Friday, December 18, 2009

Well, chalk that one up!

What was a seemingly cool, refreshing, and delicious drink actually turned out to be my mortal enemy. Little did I know that ordering a blueberry pomegranate lemonade at Outback (a very sweet gift, thanks!) would prove to be the absolutely worst decision of my day...week...entire month!

I ordered my special drink, Eric ordered water.
"A Sprite?" our waitress repeated.
"A water," Eric said.
"Oh, sorry! I must have bad hearing."
Out came the drinks. Mine tasted nothing like blueberry or pomegranate or any form of the combination of the two. No worries. It was pretty good and I'm not one to make a scene...well not normally.

I went for my heavy glass keg of a cup and what do you think happened!? THE ENTIRE CONTAINS OF THE GLASS (we're talking full glass here) flooded my entire body, the bench, and the floor. I was drenched. I was drenched in blueberry pomegranate lemonade.

Being the spill experts that they are, the serving staff had stacks of napkins soaking up the contents of my glass within 15 seconds. My pride was crushed in 1. I dabbed the best I could at my light blue sweater and grey dress pants. I wiped the bench down (knowing it was far too late to save my wet butt from embarrassing wet marks) and plastered a smile on my face.
"Would you like to visit the restroom?" the floor manager asked.
"No, I'm fine, thank you."
"Are you sure?"
Yes, I'm sure. I'm not going to make a further spectacle of myself by walking in front of a restaurant full of people with drenched pants. Drop it.
"I'll bring you another lemonade."

*sigh*

We had already ordered our food, so leaving right then and there wasn't really an option for E. Our waitress returned.
"I just heard about what happened. I'm so sorry! Is there anything I can get you?"
"No, I'm fine, thank you."
"I spilled a coke down my front the other day!"
"I'm sorry to hear that. And I'm sorry to have made all this sticky."
"Oh, don't worry! You're not stinky! And besides, that drink is made from good smelling stuff, so it smells nice now."

WHAT!?


It took a lot of self control to not laugh out loud.

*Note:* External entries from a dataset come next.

(* Let $A\in\mathbb{R}^{m\times n}$ with $m\ge n$ and with nonzero rows $a_1^\top,\dots,a_m^\top$, let $x\in\mathbb{R}^n$ and set $b:=Ax\in\mathbb{R}^m$ (so $x$ solves the consistent system $Ax=b$). Fix $\beta\in[0,1)$, $M\in[0,1]$ and $l\in\{1,\dots,n\}$. Let $\sigma_l$ be the $l$-th largest singular value of $A$ and $v_l$ an associated right singular vector. Given $x_0\in\mathbb{R}^n$ and $y_0=0\in\mathbb{R}^n$, define for $k=0,1,2,\dots$ $$x_{k+1}=x_k+\frac{b_{i_k}-\langle x_k,a_{i_k}\rangle}{\|a_{i_k}\|_2^2}a_{i_k}+My_k,\qquad y_{k+1}=\beta y_k+(1-\beta)(x_{k+1}-x_k),$$ where the indices $i_0,i_1,\dots$ are chosen independently, each equal to $i\in\{1,\dots,m\}$ with probability $\|a_i\|_2^2/\|A\|_F^2$. Set $$r:=1-\frac{\sigma_l^2}{\|A\|_F^2}+M(1-\beta),\qquad \zeta:=M(1-\beta)^2.$$ Then for all $k\ge 0$, $$\mathbb{E}\langle x_{k+1}-x,v_l\rangle=\begin{bmatrix} r\\ \zeta\end{bmatrix}^\top\begin{bmatrix} r&\zeta\\ -1&\beta\end{bmatrix}^k\begin{bmatrix}1\\ \frac{-1}{1-\beta}\end{bmatrix}\langle x_0-x,v_l\rangle .$$
   Context: $\|\cdot\|_2$ is the Euclidean norm, $\langle\cdot,\cdot\rangle$ the standard inner product, $\|A\|_F$ the Frobenius norm, $b_i$ the $i$-th entry of $b$. The expectation is over the random indices $i_0,\dots,i_k$. The iteration above is called randomized Kaczmarz with geometrically smoothed momentum (KGSM). *)

theory Defs
  imports "HOL-Analysis.Analysis" "HOL-Probability.Probability"
begin

definition frob_norm :: "real^'n^'m \<Rightarrow> real" where
  "frob_norm A = sqrt (\<Sum>i\<in>UNIV. \<Sum>j\<in>UNIV. (A $ i $ j)^2)"

text \<open>Thin singular value decomposition with singular values indexed 1..n in
  non-increasing order: A = sum_j s_j u_j v_j^T, with orthonormal right singular
  vectors V 1..V n (a basis of R^n) and orthonormal left singular vectors U 1..U n.\<close>
definition is_svd :: "real^'n^'m \<Rightarrow> (nat \<Rightarrow> real) \<Rightarrow> (nat \<Rightarrow> real^'m) \<Rightarrow> (nat \<Rightarrow> real^'n) \<Rightarrow> bool" where
  "is_svd A s U V \<longleftrightarrow>
     (\<forall>j\<in>{1..CARD('n)}. s j \<ge> 0) \<and>
     (\<forall>j\<in>{1..CARD('n)}. \<forall>j'\<in>{1..CARD('n)}. j \<le> j' \<longrightarrow> s j' \<le> s j) \<and>
     (\<forall>j\<in>{1..CARD('n)}. \<forall>j'\<in>{1..CARD('n)}. V j \<bullet> V j' = (if j = j' then 1 else 0)) \<and>
     (\<forall>j\<in>{1..CARD('n)}. \<forall>j'\<in>{1..CARD('n)}. U j \<bullet> U j' = (if j = j' then 1 else 0)) \<and>
     (\<forall>j\<in>{1..CARD('n)}. A *v V j = s j *\<^sub>R U j)"

definition singular_pair :: "real^'n^'m \<Rightarrow> nat \<Rightarrow> real \<Rightarrow> real^'n \<Rightarrow> bool" where
  "singular_pair A l \<sigma> v \<longleftrightarrow>
     (\<exists>s U V. is_svd A s U V \<and> \<sigma> = s l \<and> v = V l)"

definition row_pmf :: "real^'n^'m \<Rightarrow> 'm pmf" where
  "row_pmf A = embed_pmf (\<lambda>i. (norm (A $ i))^2 / (frob_norm A)^2)"

text \<open>KGSM iterates (x_k, y_k), driven by the index sequence \<omega> (\<omega> k = i_k).\<close>
primrec kgsm :: "real^'n^'m \<Rightarrow> real^'m \<Rightarrow> real \<Rightarrow> real \<Rightarrow> real^'n \<Rightarrow> (nat \<Rightarrow> 'm) \<Rightarrow> nat \<Rightarrow> (real^'n) \<times> (real^'n)" where
  "kgsm A b M \<beta> x0 \<omega> 0 = (x0, 0)"
| "kgsm A b M \<beta> x0 \<omega> (Suc k) =
     (let xk = fst (kgsm A b M \<beta> x0 \<omega> k); yk = snd (kgsm A b M \<beta> x0 \<omega> k); i = \<omega> k;
          x' = xk + ((b $ i - xk \<bullet> (A $ i)) / (norm (A $ i))^2) *\<^sub>R (A $ i) + M *\<^sub>R yk;
          y' = \<beta> *\<^sub>R yk + (1 - \<beta>) *\<^sub>R (x' - xk)
      in (x', y'))"

definition vec2 :: "real \<Rightarrow> real \<Rightarrow> real^2" where
  "vec2 a c = (\<chi> i. if i = 1 then a else c)"

definition mat22 :: "real \<Rightarrow> real \<Rightarrow> real \<Rightarrow> real \<Rightarrow> real^2^2" where
  "mat22 a c d e = (\<chi> i. if i = 1 then vec2 a c else vec2 d e)"

definition matpow2 :: "real^2^2 \<Rightarrow> nat \<Rightarrow> real^2^2" where
  "matpow2 T k = (((**) T) ^^ k) (mat 1)"

end

theory Submission
  imports Defs
begin

text \<open>
  Conditionally on the first \<open>k\<close> indices, the expected Kaczmarz projection scales the error
  component along a right singular vector \<open>v\<close> by exactly \<open>1 - \<sigma>\<^sup>2 / \<parallel>A\<parallel>\<^sub>F\<^sup>2\<close>, since
  \<open>E[a\<^sub>i a\<^sub>i\<^sup>T / \<parallel>a\<^sub>i\<parallel>\<^sup>2] = A\<^sup>T A / \<parallel>A\<parallel>\<^sub>F\<^sup>2\<close> and \<open>A\<^sup>T A v = \<sigma>\<^sup>2 v\<close>. So \<open>e\<^sub>k = E\<langle>x\<^sub>k - x, v\<rangle>\<close> and
  \<open>f\<^sub>k = E\<langle>y\<^sub>k, v\<rangle>\<close> obey a linear recurrence, and the substitution
  \<open>w\<^sub>k = f\<^sub>k / (1 - \<beta>)\<^sup>2 - e\<^sub>k / (1 - \<beta>)\<close> turns it into \<open>(e\<^sub>k\<^sub>+\<^sub>1, w\<^sub>k\<^sub>+\<^sub>1) = T (e\<^sub>k, w\<^sub>k)\<close> with \<open>T\<close> the
  \<open>2 \<times> 2\<close> matrix of the theorem.
\<close>

lemma span_orthonormal_family_eq_UNIV:
  fixes V :: "nat \<Rightarrow> 'a::euclidean_space"
  assumes orth: "\<forall>j\<in>{1..DIM('a)}. \<forall>j'\<in>{1..DIM('a)}. V j \<bullet> V j' = (if j = j' then 1 else 0)"
  shows "span (V ` {1..DIM('a)}) = UNIV"
proof -
  let ?I = "{1..DIM('a)}"
  have "inj_on V ?I"
  proof (rule inj_onI)
    fix j j' assume "j \<in> ?I" "j' \<in> ?I" "V j = V j'"
    then show "j = j'" using orth by (metis one_neq_zero)
  qed
  then have "card (V ` ?I) = dim (UNIV :: 'a set)"
    by (simp add: card_image dim_UNIV)
  moreover have "independent (V ` ?I)"
    by (rule pairwise_orthogonal_independent)
      (use orth in \<open>fastforce simp: pairwise_def orthogonal_def\<close>)+
  ultimately show ?thesis
    using card_eq_dim[of "V ` ?I" UNIV] by auto
qed

lemma singular_pair_inner_image:
  fixes A :: "real^'n^'m"
  assumes "l \<in> {1..CARD('n)}" "singular_pair A l \<sigma> v"
  shows "(A *v w) \<bullet> (A *v v) = \<sigma>^2 * (w \<bullet> v)"
proof -
  obtain s U V where svd: "is_svd A s U V" and sv: "\<sigma> = s l" "v = V l"
    using assms(2) unfolding singular_pair_def by blast
  have orthV: "\<forall>j\<in>{1..CARD('n)}. \<forall>j'\<in>{1..CARD('n)}. V j \<bullet> V j' = (if j = j' then 1 else 0)"
    using svd unfolding is_svd_def by blast
  have "w \<in> span (V ` {1..CARD('n)})"
    using span_orthonormal_family_eq_UNIV[where 'a = "real^'n"] orthV by simp
  then show ?thesis
  proof (rule linear_eq_on_span[where f = "\<lambda>w. (A *v w) \<bullet> (A *v v)" and g = "\<lambda>w. \<sigma>^2 * (w \<bullet> v)", rotated 3])
    show "linear (\<lambda>w. (A *v w) \<bullet> (A *v v))" "linear (\<lambda>w. \<sigma>^2 * (w \<bullet> v))"
      by (auto intro!: linearI simp: matrix_vector_right_distrib inner_add_left
          matrix_vector_mult_scaleR algebra_simps)
    fix z assume "z \<in> V ` {1..CARD('n)}"
    then obtain j where "j \<in> {1..CARD('n)}" "z = V j" by blast
    then show "(A *v z) \<bullet> (A *v v) = \<sigma>^2 * (z \<bullet> v)"
      using svd assms(1) sv unfolding is_svd_def by (auto simp: power2_eq_square)
  qed
qed

lemma frob_norm_sq: "(frob_norm A)^2 = (\<Sum>i\<in>UNIV. (norm (A $ i))^2)"
proof -
  have "(frob_norm A)^2 = (\<Sum>i\<in>UNIV. \<Sum>j\<in>UNIV. (A $ i $ j)^2)"
    unfolding frob_norm_def by (rule real_sqrt_pow2) (auto intro!: sum_nonneg)
  also have "\<dots> = (\<Sum>i\<in>UNIV. (norm (A $ i))^2)"
    by (simp only: power2_norm_eq_inner) (simp add: inner_vec_def power2_eq_square)
  finally show ?thesis .
qed

lemma frob_norm_sq_pos:
  fixes A :: "real^'n^'m"
  assumes "\<forall>i. A $ i \<noteq> 0"
  shows "(frob_norm A)^2 > 0"
  unfolding frob_norm_sq using assms by (intro sum_pos) auto

lemma pmf_row_pmf:
  fixes A :: "real^'n^'m"
  assumes "\<forall>i. A $ i \<noteq> 0"
  shows "pmf (row_pmf A) i = (norm (A $ i))^2 / (frob_norm A)^2"
  unfolding row_pmf_def
proof (rule pmf_embed_pmf)
  have "(\<Sum>j\<in>UNIV. (norm (A $ j))^2 / (frob_norm A)^2) = 1"
    using frob_norm_sq_pos[OF assms] by (simp add: sum_divide_distrib[symmetric] frob_norm_sq[symmetric])
  then show "(\<integral>\<^sup>+ j. ennreal ((norm (A $ j))^2 / (frob_norm A)^2) \<partial>count_space UNIV) = 1"
    by (simp add: nn_integral_count_space_finite sum_ennreal)
qed simp

lemma expectation_row_pmf_div_row_norm:
  fixes A :: "real^'n^'m"
  assumes "\<forall>i. A $ i \<noteq> 0"
  shows "measure_pmf.expectation (row_pmf A) (\<lambda>i. g i / (norm (A $ i))^2)
    = (\<Sum>i\<in>UNIV. g i) / (frob_norm A)^2"
proof -
  have "measure_pmf.expectation (row_pmf A) (\<lambda>i. g i / (norm (A $ i))^2)
      = (\<Sum>i\<in>UNIV. pmf (row_pmf A) i * (g i / (norm (A $ i))^2))"
    by (subst integral_measure_pmf[of UNIV]) auto
  also have "\<dots> = (\<Sum>i\<in>UNIV. g i / (frob_norm A)^2)"
    using assms by (intro sum.cong) (auto simp: pmf_row_pmf)
  finally show ?thesis
    by (simp add: sum_divide_distrib)
qed

definition kaczmarz_step :: "real^'n^'m \<Rightarrow> real^'m \<Rightarrow> real^'n \<Rightarrow> 'm \<Rightarrow> real^'n" where
  "kaczmarz_step A b z i = z + ((b $ i - z \<bullet> A $ i) / (norm (A $ i))^2) *\<^sub>R A $ i"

Which was all it took. A waitress who didn't know what the heck was going on saved the day with her crazy responses. She defused a very embarrassing situation, not realizing how entertaining her "bad hearing" really was.

2 comments:

Melly said...

O dear, It's been a while for something like that for me. But It was my 8th birthday at garcias the whole family for dinner and the waiter spilled his entire tray of drink right on top of me. So there I was sitting in my cute little dress feeling like a princess on my birthday and 'Kersplash'

The Tiffany's said...

Oh for the love! So sad, but seriously, should a hearing impaired person really be a waitress? :0)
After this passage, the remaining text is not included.